Sujeleri tümevarım şeklinde parçalayarak açıklayacak olur isek;

Tüm dünyayı etkisi altına alan Sanayi Devrimi (Büyük Britanya’da başlayan Sanayi Devrimi, yaklaşık 1760’tan yaklaşık 1820-1840 yılları arasındaki dönemde Kıta Avrupasına ve Amerika Birleşik Devletleri’ne yayılmıştır) ile şekillenen geleneksel yönetim anlayışı, uzun yıllar boyunca iş dünyasında egemen olmuştur. “Yönetim 1.0” olarak adlandırılan bu klasik yaklaşım; hiyerarşi, denetim, merkeziyetçilik ve standartlaşmayı esas almaktadır. Ancak, bilgi çağının başlaması, dijitalleşme ve küreselleşmenin etkisiyle iş dünyasında radikal dönüşümler yaşanmaya başlamıştır. Bu dönüşüm sürecinde “Yönetim 2.0”, daha esnek, katılımcı ve yenilikçi bir anlayışı temsil ederek sahneye çıkmıştır. Ardından vazgeçilmez olana yani Yönetim 3.0 a yolculuk iyiden iyiye mecburen anlayış olarak hız kazanmıştır diyebiliriz.

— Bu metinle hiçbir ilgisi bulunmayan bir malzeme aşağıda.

lemma card_span_independent:
  fixes B :: "(nat \<Rightarrow> 'a::{field,finite}) set"
  assumes fin: "finite B" and ind: "fvs.independent B"
  shows "card (fvs.span B) = CARD('a) ^ card B"
proof -
  let ?g = "\<lambda>u. \<Sum>v\<in>B. fscale (u v) v"
  have "fvs.span B = ?g ` PiE B (\<lambda>_. UNIV)"
  proof -
    have "?g u \<in> ?g ` PiE B (\<lambda>_. UNIV)" for u
      by (rule image_eqI[of _ _ "restrict u B"]) (auto intro: sum.cong)
    then show ?thesis unfolding fvs.span_finite[OF fin] by auto
  qed
  moreover have "inj_on ?g (PiE B (\<lambda>_. UNIV))"
  proof (rule inj_onI)
    fix u u' assume u: "u \<in> PiE B (\<lambda>_. UNIV)" "u' \<in> PiE B (\<lambda>_. UNIV)" and eq: "?g u = ?g u'"
    have indep: "w v = 0" if "(\<Sum>v\<in>B. fscale (w v) v) = 0" "v \<in> B" for w v
      using ind that by (auto simp: fvs.dependent_finite[OF fin])
    have "(\<Sum>v\<in>B. fscale (u v - u' v) v) = 0"
      using eq by (simp add: fvs.scale_left_diff_distrib sum_subtractf)
    from indep[OF this] show "u = u'" by (intro PiE_ext[OF u]) simp
  qed
  ultimately show ?thesis by (simp add: card_image card_PiE fin)
qed

lemma card_subspace:
  fixes V :: "(nat \<Rightarrow> 'a::{field,finite}) set"
  assumes "fvs.subspace V" "finite V"
  shows "card V = CARD('a) ^ fvs.dim V"
proof -
  obtain B where B: "B \<subseteq> V" "fvs.independent B" "V \<subseteq> fvs.span B" "card B = fvs.dim V"
    by (rule fvs.basis_exists)
  have "fvs.span B = V" using fvs.span_subspace[OF B(1) B(3) assms(1)] .
  then show ?thesis using card_span_independent[OF finite_subset[OF B(1) assms(2)] B(2)] B(4) by simp
qed

lemma dim_Fvec: "fvs.dim (Fvec d :: (nat \<Rightarrow> 'a::{field,finite}) set) = d"
proof -
  have "CARD('a) ^ fvs.dim (Fvec d :: (nat \<Rightarrow> 'a) set) = CARD('a) ^ d"
    using card_subspace[OF subspace_Fvec finite_Fvec] card_Fvec by metis
  then show ?thesis using one_less_card_field[where 'a='a] by (simp add: power_inject_exp)
qed

lemma card_independent_le_dim:
  fixes B :: "(nat \<Rightarrow> 'a::field) set"
  assumes "fvs.independent B" "B \<subseteq> V" "finite V"
  shows "card B \<le> fvs.dim V"
proof -
  obtain C where C: "C \<subseteq> V" "V \<subseteq> fvs.span C" "card C = fvs.dim V"
    by (rule fvs.basis_exists)
  then show ?thesis
    using fvs.independent_span_bound[OF finite_subset[OF C(1) assms(3)] assms(1)] assms(2) by auto
qed

lemma dim_mono_finite:
  fixes S :: "(nat \<Rightarrow> 'a::field) set"
  assumes "S \<subseteq> V" "finite V"
  shows "fvs.dim S \<le> fvs.dim V"
proof -
  obtain B where "B \<subseteq> S" "fvs.independent B" "card B = fvs.dim S"
    by (rule fvs.basis_exists)
  then show ?thesis using card_independent_le_dim[of B V] assms by auto
qed

lemma span_eq_if_card_eq_dim:
  fixes X :: "(nat \<Rightarrow> 'a::field) set"
  assumes F: "fvs.subspace F" "finite F"
    and X: "X \<subseteq> F" "fvs.independent X" "card X = fvs.dim F"
  shows "fvs.span X = F"
proof (rule ccontr)
  assume "fvs.span X \<noteq> F"
  with fvs.span_minimal[OF X(1) F(1)] obtain y where y: "y \<in> F" "y \<notin> fvs.span X" by blast
  have "fvs.independent (insert y X)" using fvs.independent_insertI[OF y(2) X(2)] .
  then have "card (insert y X) \<le> fvs.dim F" using y(1) X(1) F(2) by (intro card_independent_le_dim) auto
  moreover have "y \<notin> X" using y(2) fvs.span_superset by blast
  ultimately show False using finite_subset[OF X(1) F(2)] X(3) by simp
qed

lemma dim_insert_finite:
  fixes S :: "(nat \<Rightarrow> 'a::field) set"
  assumes "finite S"
  shows "fvs.dim (insert x S) = (if x \<in> fvs.span S then fvs.dim S else Suc (fvs.dim S))"
proof (cases "x \<in> fvs.span S")
  case True
  then show ?thesis using fvs.span_redundant fvs.span_eq_dim by metis
next
  case False
  obtain B where B: "B \<subseteq> S" "fvs.independent B" "S \<subseteq> fvs.span B" "card B = fvs.dim S"
    by (rule fvs.basis_exists)
  have spB: "fvs.span B = fvs.span S"
    unfolding fvs.span_eq using B(1,3) fvs.span_superset by blast
  with False have xB: "x \<notin> fvs.span B" by simp
  have "fvs.dim (insert x S) = card (insert x B)"
    using fvs.dim_eq_card[OF _ fvs.independent_insertI[OF xB B(2)]] by (simp add: fvs.span_insert spB)
  also have "\<dots> = Suc (card B)"
    using finite_subset[OF B(1) assms] xB fvs.span_superset by (auto simp: card_insert_if)
  finally show ?thesis using False B(4) by simp
qed

section \<open>Subspaces containing a given subspace\<close>

text \<open>Subspaces are counted through ordered bases: the extensions of a basis of \<open>E\<close> by \<open>v - w\<close>
  further vectors of \<open>Fvec mu\<close> are grouped by the \<open>v\<close>-dimensional space they span.\<close>

definition indep_extensions :: "(nat \<Rightarrow> 'a::field) set \<Rightarrow> (nat \<Rightarrow> 'a) list \<Rightarrow> nat \<Rightarrow> (nat \<Rightarrow> 'a) list set" where
  "indep_extensions V bs k =
     {cs. length cs = k \<and> set cs \<subseteq> V \<and> distinct (bs @ cs) \<and> fvs.independent (set (bs @ cs))}"

lemma finite_indep_extensions: "finite V \<Longrightarrow> finite (indep_extensions V bs k)"
  by (rule finite_subset[OF _ finite_lists_length_eq[of V k]]) (auto simp: indep_extensions_def)

lemma indep_extensions_Suc:
  "indep_extensions V bs (Suc k) = (\<Union>x\<in>V - fvs.span (set bs). (#) x ` indep_extensions V (bs @ [x]) k)"
proof (intro equalityI subsetI)
  fix cs assume cs: "cs \<in> indep_extensions V bs (Suc k)"
  then obtain x cs' where c: "cs = x # cs'" by (cases cs) (auto simp: indep_extensions_def)
  have "x \<notin> fvs.span (set bs \<union> set cs')"
    using cs c fvs.independent_insert[of x "set bs \<union> set cs'"] by (auto simp: indep_extensions_def)
  then have "x \<notin> fvs.span (set bs)" using fvs.span_mono[of "set bs" "set bs \<union> set cs'"] by blast
  with cs c show "cs \<in> (\<Union>x\<in>V - fvs.span (set bs). (#) x ` indep_extensions V (bs @ [x]) k)"
    by (auto simp: indep_extensions_def)
qed (auto simp: indep_extensions_def)

lemma card_indep_extensions:
  fixes V :: "(nat \<Rightarrow> 'a::{field,finite}) set"
  assumes V: "fvs.subspace V" "finite V"
    and bs: "set bs \<subseteq> V" "distinct bs" "fvs.independent (set bs)"
  shows "card (indep_extensions V bs k) = (\<Prod>i<k. CARD('a) ^ fvs.dim V - CARD('a) ^ (length bs + i))"
  using bs
proof (induction k arbitrary: bs)
  case 0
  then have "indep_extensions V bs 0 = {[]}" by (auto simp: indep_extensions_def)
  then show ?case by simp
next
  case (Suc k)
  let ?q = "CARD('a)" and ?d = "fvs.dim V"
  have sub: "fvs.span (set bs) \<subseteq> V" using fvs.span_minimal[OF Suc.prems(1) V(1)] .
  have "card (indep_extensions V (bs @ [x]) k) = (\<Prod>i<k. ?q ^ ?d - ?q ^ (Suc (length bs) + i))"
    if x: "x \<in> V - fvs.span (set bs)" for x
  proof -
    have "x \<notin> set bs" using x fvs.span_superset by blast
    moreover have "fvs.independent (insert x (set bs))" using fvs.independent_insertI x Suc.prems(3) by blast
    ultimately show ?thesis using Suc.IH[of "bs @ [x]"] Suc.prems x by simp
  qed
  then have "card (indep_extensions V bs (Suc k))
      = card (V - fvs.span (set bs)) * (\<Prod>i<k. ?q ^ ?d - ?q ^ (Suc (length bs) + i))"
    unfolding indep_extensions_Suc
    by (subst card_UN_disjoint) (auto simp: finite_indep_extensions V(2) card_image)
  also have "card (V - fvs.span (set bs)) = ?q ^ ?d - ?q ^ length bs"
    using card_Diff_subset[OF finite_subset[OF sub V(2)] sub] card_subspace[OF V]
      card_span_independent[OF _ Suc.prems(3)] Suc.prems(2) by (simp add: distinct_card)
  finally show ?case by (simp only: prod.lessThan_Suc_shift add_0_right add_Suc_shift)
qed

lemma finite_Grass: "finite (Grass mu v :: (nat \<Rightarrow> 'a::{field,finite}) set set)"
  by (rule finite_subset[of _ "Pow (Fvec mu)"]) (auto simp: Grass_def finite_Fvec)

lemma span_indep_extension_in_Grass:
  assumes "cs \<in> indep_extensions (Fvec mu) bs k" "set bs \<subseteq> Fvec mu"
  shows "fvs.span (set (bs @ cs)) \<in> Grass mu (length bs + k)"
proof -
  have cs: "distinct (bs @ cs)" "fvs.independent (set (bs @ cs))" "length cs = k" "set cs \<subseteq> Fvec mu"
    using assms(1) by (auto simp: indep_extensions_def)
  have "fvs.span (set (bs @ cs)) \<subseteq> Fvec mu"
    using cs(4) assms(2) by (intro fvs.span_minimal subspace_Fvec) auto
  moreover have "fvs.dim (fvs.span (set (bs @ cs))) = length bs + k"
    using fvs.dim_span_eq_card_independent[OF cs(2)] distinct_card[OF cs(1)] cs(3) by simp
  ultimately show ?thesis by (simp add: Grass_def)
qed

Sujelerin parçalar şeklinde açıklaması ve değerlendirilmesini ise aşağıdaki şekilde yapmak isteriz;

Yönetim 1.0: Sanayi Çağının Disiplini Yönetimi 1.0; 20. yüzyıl başlarında Frederick Taylor’un Bilimsel Yönetim Teorisi ve Henry Fayol’un Yönetim İlkeleriyle sistematik hale gelmiştir. Bu dönemde işletmeler, üretim hatlarını optimize etmek, maliyetleri minimize etmek ve iş gücünü standart prosedürlere göre yönlendirmek üzerine kurgulamıştır. Bu dönemlerde hiyerarşinin gayet katı şekilde uygulandığı bilinmektedir. Karar alma yetkisi üst yönetimlerde toplanmıştır. Çalışanlar ise çoğunlukla “uygulayıcı” pozisyonunda, yaratıcı düşünceden ziyade emir-komuta zincirine tabi olarak görev yapmışlardır. Bu yönetim anlayışının temeli; global bağlamda belki de büyük çoğunlukla firmalarda hala süregelen en yalın yönetim şeklidir diyebiliriz.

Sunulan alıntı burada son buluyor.